[ASSIGNMENT]:
Retype all of the records precisely.

[GIVEN RECORDS]:
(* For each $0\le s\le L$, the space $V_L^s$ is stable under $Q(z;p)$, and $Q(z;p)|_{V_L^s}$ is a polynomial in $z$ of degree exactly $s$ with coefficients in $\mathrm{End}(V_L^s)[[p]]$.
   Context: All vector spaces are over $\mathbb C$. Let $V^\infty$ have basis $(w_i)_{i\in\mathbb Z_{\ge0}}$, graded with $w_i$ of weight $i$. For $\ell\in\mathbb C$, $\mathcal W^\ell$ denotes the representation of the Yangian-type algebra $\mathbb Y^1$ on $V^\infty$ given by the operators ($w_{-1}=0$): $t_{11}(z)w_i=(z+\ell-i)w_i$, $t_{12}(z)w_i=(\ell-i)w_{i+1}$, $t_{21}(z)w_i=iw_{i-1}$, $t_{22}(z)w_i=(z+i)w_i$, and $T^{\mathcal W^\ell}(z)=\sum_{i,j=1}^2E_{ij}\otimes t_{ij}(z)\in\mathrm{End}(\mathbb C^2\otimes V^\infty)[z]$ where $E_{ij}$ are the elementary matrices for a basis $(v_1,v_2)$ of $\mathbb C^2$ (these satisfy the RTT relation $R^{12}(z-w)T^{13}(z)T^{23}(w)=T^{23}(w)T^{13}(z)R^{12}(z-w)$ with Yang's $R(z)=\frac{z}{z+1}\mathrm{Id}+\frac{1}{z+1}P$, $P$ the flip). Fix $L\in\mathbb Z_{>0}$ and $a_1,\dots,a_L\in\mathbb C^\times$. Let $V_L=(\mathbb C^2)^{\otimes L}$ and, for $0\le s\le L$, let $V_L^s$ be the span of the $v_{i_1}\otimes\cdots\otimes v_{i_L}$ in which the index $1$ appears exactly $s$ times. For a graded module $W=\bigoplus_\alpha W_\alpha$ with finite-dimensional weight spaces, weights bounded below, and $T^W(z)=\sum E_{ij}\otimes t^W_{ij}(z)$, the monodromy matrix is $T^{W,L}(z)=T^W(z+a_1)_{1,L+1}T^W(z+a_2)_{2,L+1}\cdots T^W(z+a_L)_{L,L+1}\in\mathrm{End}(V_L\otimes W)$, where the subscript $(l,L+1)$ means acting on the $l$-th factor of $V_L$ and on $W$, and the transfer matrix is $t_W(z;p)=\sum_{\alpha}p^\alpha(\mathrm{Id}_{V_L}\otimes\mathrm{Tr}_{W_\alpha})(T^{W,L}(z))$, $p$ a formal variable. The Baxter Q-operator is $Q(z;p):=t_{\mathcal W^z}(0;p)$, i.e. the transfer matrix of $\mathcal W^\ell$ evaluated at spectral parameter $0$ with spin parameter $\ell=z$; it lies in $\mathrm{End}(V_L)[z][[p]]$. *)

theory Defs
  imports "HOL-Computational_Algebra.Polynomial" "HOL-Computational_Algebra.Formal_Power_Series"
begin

[TASK SOLUTION]:
(* For each $0\le s\le L$, the space $V_L^s$ is stable under $Q(z;p)$, and $Q(z;p)|_{V_L^s}$ is a polynomial in $z$ of degree exactly $s$ with coefficients in $\mathrm{End}(V_L^s)[[p]]$.
   Context: All vector spaces are over $\mathbb C$. Let $V^\infty$ have basis $(w_i)_{i\in\mathbb Z_{\ge0}}$, graded with $w_i$ of weight $i$. For $\ell\in\mathbb C$, $\mathcal W^\ell$ denotes the representation of the Yangian-type algebra $\mathbb Y^1$ on $V^\infty$ given by the operators ($w_{-1}=0$): $t_{11}(z)w_i=(z+\ell-i)w_i$, $t_{12}(z)w_i=(\ell-i)w_{i+1}$, $t_{21}(z)w_i=iw_{i-1}$, $t_{22}(z)w_i=(z+i)w_i$, and $T^{\mathcal W^\ell}(z)=\sum_{i,j=1}^2E_{ij}\otimes t_{ij}(z)\in\mathrm{End}(\mathbb C^2\otimes V^\infty)[z]$ where $E_{ij}$ are the elementary matrices for a basis $(v_1,v_2)$ of $\mathbb C^2$ (these satisfy the RTT relation $R^{12}(z-w)T^{13}(z)T^{23}(w)=T^{23}(w)T^{13}(z)R^{12}(z-w)$ with Yang's $R(z)=\frac{z}{z+1}\mathrm{Id}+\frac{1}{z+1}P$, $P$ the flip). Fix $L\in\mathbb Z_{>0}$ and $a_1,\dots,a_L\in\mathbb C^\times$. Let $V_L=(\mathbb C^2)^{\otimes L}$ and, for $0\le s\le L$, let $V_L^s$ be the span of the $v_{i_1}\otimes\cdots\otimes v_{i_L}$ in which the index $1$ appears exactly $s$ times. For a graded module $W=\bigoplus_\alpha W_\alpha$ with finite-dimensional weight spaces, weights bounded below, and $T^W(z)=\sum E_{ij}\otimes t^W_{ij}(z)$, the monodromy matrix is $T^{W,L}(z)=T^W(z+a_1)_{1,L+1}T^W(z+a_2)_{2,L+1}\cdots T^W(z+a_L)_{L,L+1}\in\mathrm{End}(V_L\otimes W)$, where the subscript $(l,L+1)$ means acting on the $l$-th factor of $V_L$ and on $W$, and the transfer matrix is $t_W(z;p)=\sum_{\alpha}p^\alpha(\mathrm{Id}_{V_L}\otimes\mathrm{Tr}_{W_\alpha})(T^{W,L}(z))$, $p$ a formal variable. The Baxter Q-operator is $Q(z;p):=t_{\mathcal W^z}(0;p)$, i.e. the transfer matrix of $\mathcal W^\ell$ evaluated at spectral parameter $0$ with spin parameter $\ell=z$; it lies in $\mathrm{End}(V_L)[z][[p]]$. *)

theory Defs
  imports "HOL-Computational_Algebra.Polynomial" "HOL-Computational_Algebra.Formal_Power_Series"
begin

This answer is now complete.